#### Data section:

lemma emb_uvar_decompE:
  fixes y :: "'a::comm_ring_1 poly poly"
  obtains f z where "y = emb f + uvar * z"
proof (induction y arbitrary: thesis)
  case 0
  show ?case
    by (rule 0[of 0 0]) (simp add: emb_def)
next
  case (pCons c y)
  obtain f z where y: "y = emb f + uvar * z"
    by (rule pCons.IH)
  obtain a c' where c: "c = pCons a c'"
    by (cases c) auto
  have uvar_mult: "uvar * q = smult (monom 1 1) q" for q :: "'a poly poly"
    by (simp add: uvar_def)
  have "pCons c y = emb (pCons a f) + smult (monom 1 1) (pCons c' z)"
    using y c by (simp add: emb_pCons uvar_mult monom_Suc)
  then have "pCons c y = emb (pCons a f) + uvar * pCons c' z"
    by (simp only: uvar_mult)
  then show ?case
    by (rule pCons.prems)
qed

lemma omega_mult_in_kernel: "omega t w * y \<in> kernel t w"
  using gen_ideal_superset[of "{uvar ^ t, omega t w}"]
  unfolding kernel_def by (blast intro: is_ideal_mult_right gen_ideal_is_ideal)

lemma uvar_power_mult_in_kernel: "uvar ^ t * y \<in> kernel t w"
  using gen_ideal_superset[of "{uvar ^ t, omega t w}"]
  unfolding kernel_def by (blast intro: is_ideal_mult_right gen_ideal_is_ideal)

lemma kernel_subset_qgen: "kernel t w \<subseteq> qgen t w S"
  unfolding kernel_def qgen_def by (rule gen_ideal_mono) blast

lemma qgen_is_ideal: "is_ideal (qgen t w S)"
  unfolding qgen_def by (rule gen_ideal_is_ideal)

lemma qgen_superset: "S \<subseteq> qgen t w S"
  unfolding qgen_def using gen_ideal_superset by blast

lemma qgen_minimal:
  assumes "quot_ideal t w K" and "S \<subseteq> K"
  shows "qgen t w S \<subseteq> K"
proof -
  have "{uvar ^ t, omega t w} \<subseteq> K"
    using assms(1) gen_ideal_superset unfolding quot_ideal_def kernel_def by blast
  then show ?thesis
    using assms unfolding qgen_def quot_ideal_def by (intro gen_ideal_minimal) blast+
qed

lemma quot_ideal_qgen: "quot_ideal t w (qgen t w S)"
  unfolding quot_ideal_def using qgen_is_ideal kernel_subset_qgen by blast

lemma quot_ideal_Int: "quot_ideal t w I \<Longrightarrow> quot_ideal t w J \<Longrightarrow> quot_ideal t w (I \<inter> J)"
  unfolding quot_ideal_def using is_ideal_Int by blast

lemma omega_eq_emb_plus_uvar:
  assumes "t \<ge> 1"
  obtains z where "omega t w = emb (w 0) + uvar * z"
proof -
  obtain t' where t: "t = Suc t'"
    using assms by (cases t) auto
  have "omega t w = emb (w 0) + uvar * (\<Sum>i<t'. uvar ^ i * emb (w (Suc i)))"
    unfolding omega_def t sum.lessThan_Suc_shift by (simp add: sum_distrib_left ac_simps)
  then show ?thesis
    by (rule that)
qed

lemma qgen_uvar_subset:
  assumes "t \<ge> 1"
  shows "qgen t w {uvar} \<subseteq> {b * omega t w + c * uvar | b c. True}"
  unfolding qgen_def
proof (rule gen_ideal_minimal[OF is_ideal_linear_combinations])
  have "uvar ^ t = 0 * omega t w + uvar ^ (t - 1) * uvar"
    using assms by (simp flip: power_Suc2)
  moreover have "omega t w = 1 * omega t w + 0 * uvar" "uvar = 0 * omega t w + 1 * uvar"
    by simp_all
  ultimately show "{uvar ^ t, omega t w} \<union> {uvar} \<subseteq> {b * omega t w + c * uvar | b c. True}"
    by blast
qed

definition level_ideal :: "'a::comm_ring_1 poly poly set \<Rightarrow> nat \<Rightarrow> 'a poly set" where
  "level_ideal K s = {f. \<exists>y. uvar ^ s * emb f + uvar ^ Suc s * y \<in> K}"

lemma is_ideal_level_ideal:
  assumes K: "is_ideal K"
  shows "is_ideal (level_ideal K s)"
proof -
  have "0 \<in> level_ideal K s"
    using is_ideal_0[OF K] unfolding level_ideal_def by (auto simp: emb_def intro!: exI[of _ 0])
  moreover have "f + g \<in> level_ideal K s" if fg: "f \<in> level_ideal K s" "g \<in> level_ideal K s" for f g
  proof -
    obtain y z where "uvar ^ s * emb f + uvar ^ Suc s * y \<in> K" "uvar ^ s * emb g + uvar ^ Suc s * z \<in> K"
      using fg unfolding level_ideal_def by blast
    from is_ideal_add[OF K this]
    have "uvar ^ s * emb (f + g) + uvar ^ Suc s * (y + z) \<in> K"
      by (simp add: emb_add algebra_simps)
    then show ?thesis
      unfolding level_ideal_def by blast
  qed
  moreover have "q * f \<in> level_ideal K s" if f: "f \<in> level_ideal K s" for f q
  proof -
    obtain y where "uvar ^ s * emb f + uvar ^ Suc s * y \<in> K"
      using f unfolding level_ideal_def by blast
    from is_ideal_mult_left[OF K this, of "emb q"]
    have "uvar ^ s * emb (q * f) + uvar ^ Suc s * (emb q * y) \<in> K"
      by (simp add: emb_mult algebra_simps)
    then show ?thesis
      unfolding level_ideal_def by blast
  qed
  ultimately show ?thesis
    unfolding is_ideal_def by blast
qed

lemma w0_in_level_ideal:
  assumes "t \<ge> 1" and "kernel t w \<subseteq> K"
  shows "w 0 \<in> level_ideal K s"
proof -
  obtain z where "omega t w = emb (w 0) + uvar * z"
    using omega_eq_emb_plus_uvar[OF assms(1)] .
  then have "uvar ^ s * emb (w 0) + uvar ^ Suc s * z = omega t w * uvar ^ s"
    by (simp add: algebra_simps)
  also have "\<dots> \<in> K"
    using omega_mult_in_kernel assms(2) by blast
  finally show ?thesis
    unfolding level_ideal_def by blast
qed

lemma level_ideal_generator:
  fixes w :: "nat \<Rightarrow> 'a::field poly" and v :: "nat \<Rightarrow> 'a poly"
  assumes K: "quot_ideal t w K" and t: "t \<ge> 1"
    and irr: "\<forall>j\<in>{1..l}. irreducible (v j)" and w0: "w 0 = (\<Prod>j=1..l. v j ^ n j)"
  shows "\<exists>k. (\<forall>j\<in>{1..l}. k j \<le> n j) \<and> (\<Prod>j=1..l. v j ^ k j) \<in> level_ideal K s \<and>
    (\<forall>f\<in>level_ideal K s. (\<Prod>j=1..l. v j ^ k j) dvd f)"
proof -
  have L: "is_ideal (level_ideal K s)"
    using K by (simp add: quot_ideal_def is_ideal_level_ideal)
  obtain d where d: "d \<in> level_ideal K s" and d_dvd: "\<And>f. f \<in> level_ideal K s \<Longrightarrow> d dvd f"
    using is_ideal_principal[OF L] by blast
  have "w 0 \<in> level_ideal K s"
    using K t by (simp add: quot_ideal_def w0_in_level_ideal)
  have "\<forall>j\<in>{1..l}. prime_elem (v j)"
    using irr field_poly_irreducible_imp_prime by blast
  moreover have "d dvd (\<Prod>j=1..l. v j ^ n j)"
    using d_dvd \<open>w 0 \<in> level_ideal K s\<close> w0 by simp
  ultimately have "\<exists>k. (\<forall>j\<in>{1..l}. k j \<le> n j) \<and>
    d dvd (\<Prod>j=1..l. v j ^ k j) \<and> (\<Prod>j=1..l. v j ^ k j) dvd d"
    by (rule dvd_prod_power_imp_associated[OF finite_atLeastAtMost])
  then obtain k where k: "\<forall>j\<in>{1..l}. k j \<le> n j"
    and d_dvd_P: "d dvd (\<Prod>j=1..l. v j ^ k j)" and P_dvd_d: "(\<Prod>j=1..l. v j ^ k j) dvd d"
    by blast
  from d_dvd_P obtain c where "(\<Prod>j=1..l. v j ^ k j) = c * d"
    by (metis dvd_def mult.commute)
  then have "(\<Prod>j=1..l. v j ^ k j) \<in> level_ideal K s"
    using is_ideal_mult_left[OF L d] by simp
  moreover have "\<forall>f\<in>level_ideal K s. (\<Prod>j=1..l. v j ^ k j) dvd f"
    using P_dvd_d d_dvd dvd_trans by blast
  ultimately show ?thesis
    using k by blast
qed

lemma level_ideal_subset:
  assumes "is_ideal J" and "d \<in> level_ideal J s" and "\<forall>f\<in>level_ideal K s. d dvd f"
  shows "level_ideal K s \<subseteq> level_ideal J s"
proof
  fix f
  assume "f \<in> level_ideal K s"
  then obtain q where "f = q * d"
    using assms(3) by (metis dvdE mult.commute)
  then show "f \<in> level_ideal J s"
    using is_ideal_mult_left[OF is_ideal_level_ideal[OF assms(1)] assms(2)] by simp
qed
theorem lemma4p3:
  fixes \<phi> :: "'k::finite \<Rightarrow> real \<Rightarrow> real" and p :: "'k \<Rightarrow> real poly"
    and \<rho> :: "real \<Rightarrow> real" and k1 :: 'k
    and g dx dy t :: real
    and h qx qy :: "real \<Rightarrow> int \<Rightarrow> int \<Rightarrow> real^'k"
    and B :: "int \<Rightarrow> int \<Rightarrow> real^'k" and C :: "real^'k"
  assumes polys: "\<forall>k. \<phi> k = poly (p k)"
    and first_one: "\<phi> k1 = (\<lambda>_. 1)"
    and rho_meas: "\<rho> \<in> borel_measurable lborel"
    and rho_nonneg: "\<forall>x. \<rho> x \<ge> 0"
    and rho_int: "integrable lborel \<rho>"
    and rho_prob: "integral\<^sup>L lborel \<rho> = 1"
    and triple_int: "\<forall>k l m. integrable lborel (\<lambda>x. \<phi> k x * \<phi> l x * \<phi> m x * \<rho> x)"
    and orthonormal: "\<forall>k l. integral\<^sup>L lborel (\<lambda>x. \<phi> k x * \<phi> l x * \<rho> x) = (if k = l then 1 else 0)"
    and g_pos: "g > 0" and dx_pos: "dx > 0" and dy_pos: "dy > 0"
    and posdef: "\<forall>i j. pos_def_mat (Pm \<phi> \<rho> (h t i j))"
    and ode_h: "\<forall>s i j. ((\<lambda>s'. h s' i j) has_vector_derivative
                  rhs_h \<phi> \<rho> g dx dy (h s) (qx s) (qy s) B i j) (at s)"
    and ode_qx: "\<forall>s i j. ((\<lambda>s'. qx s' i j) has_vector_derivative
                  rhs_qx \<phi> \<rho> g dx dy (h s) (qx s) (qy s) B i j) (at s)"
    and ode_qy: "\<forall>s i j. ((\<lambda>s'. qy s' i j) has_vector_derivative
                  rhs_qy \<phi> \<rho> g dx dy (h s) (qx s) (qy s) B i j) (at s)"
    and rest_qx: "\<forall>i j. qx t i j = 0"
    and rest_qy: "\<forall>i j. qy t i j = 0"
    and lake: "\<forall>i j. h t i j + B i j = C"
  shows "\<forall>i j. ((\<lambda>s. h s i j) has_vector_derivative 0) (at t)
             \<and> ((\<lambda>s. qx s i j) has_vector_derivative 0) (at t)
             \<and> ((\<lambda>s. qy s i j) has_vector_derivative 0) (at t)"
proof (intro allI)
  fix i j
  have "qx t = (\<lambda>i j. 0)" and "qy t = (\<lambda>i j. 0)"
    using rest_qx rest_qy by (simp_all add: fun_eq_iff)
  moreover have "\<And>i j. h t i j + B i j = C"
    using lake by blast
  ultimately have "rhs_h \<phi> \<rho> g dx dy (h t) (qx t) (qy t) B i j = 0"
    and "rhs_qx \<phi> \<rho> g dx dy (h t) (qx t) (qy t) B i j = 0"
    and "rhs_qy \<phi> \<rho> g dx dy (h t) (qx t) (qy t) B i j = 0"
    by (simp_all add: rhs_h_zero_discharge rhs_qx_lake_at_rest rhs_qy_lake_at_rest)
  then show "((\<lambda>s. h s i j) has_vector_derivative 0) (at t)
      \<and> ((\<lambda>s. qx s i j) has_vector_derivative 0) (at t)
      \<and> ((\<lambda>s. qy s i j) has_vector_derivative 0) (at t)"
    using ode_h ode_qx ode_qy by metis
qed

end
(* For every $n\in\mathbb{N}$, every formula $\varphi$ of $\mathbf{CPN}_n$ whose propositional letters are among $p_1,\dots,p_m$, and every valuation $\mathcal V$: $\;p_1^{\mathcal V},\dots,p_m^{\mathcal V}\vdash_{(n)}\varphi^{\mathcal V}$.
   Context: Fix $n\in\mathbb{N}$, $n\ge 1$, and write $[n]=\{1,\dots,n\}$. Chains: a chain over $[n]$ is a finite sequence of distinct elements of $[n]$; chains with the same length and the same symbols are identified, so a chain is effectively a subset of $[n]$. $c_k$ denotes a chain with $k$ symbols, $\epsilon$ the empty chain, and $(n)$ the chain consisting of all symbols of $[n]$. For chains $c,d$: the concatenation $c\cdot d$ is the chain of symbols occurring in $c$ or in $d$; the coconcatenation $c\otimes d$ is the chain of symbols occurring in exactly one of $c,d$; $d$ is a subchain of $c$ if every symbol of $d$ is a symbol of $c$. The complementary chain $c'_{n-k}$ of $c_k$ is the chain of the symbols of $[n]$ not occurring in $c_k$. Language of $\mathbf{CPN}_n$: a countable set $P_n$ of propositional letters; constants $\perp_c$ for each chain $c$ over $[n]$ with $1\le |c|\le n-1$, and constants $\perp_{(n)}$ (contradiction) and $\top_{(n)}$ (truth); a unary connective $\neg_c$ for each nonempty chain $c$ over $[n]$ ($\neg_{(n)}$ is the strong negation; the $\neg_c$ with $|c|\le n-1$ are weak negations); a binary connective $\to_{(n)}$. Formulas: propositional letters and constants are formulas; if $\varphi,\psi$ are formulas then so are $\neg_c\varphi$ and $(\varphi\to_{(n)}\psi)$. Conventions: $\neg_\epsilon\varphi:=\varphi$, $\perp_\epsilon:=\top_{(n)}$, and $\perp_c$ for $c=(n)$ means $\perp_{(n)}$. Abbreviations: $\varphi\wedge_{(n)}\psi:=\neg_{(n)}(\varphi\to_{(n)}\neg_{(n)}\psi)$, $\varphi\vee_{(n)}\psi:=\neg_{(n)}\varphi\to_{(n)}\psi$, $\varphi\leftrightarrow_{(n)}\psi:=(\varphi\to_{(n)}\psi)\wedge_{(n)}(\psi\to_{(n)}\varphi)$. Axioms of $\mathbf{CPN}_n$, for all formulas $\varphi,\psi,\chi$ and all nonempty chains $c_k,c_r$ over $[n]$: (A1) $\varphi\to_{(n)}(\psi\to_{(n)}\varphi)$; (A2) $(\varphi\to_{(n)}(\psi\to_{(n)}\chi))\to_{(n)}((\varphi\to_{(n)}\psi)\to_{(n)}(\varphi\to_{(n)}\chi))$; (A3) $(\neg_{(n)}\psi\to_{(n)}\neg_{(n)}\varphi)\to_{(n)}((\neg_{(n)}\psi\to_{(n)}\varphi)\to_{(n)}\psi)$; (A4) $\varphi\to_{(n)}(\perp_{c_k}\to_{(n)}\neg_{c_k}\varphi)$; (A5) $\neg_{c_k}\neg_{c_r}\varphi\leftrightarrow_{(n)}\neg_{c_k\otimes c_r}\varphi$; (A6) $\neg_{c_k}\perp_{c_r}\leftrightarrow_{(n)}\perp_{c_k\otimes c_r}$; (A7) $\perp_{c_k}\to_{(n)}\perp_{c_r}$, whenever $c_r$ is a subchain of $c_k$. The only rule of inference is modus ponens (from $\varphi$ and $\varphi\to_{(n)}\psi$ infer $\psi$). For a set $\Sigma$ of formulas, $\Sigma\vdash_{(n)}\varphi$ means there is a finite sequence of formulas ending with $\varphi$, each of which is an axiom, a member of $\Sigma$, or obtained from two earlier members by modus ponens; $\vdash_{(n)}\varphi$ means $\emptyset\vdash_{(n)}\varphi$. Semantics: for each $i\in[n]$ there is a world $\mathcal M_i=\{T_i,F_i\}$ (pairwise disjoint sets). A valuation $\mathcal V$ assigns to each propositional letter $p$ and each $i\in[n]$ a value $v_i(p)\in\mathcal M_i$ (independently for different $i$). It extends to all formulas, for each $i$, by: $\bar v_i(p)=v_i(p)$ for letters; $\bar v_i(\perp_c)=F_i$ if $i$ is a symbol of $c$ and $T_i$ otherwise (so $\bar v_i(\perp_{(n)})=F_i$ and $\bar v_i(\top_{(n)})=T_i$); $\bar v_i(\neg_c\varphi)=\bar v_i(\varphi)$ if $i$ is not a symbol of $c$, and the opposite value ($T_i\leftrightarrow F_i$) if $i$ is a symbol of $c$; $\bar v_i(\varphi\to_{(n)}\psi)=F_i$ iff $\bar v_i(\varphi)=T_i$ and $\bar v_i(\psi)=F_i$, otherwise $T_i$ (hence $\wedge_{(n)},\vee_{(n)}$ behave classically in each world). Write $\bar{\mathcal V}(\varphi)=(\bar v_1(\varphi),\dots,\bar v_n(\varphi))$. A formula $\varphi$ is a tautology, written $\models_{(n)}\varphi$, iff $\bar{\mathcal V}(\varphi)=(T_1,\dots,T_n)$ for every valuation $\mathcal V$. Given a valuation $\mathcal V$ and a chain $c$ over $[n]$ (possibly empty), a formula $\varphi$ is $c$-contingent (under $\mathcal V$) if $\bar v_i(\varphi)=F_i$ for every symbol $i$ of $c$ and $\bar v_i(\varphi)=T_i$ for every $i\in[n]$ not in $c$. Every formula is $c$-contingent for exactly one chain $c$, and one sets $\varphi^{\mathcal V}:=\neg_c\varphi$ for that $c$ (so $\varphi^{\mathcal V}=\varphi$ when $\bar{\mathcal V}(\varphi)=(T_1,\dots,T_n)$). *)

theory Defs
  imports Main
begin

#### Task to complete:
Report each line of the material above where the word "real" appears.

#### Solution for this problem:
  fixes \<phi> :: "'k::finite \<Rightarrow> real \<Rightarrow> real" and p :: "'k \<Rightarrow> real poly"
    and \<rho> :: "real \<Rightarrow> real" and k1 :: 'k
    and g dx dy t :: real
    and h qx qy :: "real \<Rightarrow> int \<Rightarrow> int \<Rightarrow> real^'k"
    and B :: "int \<Rightarrow> int \<Rightarrow> real^'k" and C :: "real^'k"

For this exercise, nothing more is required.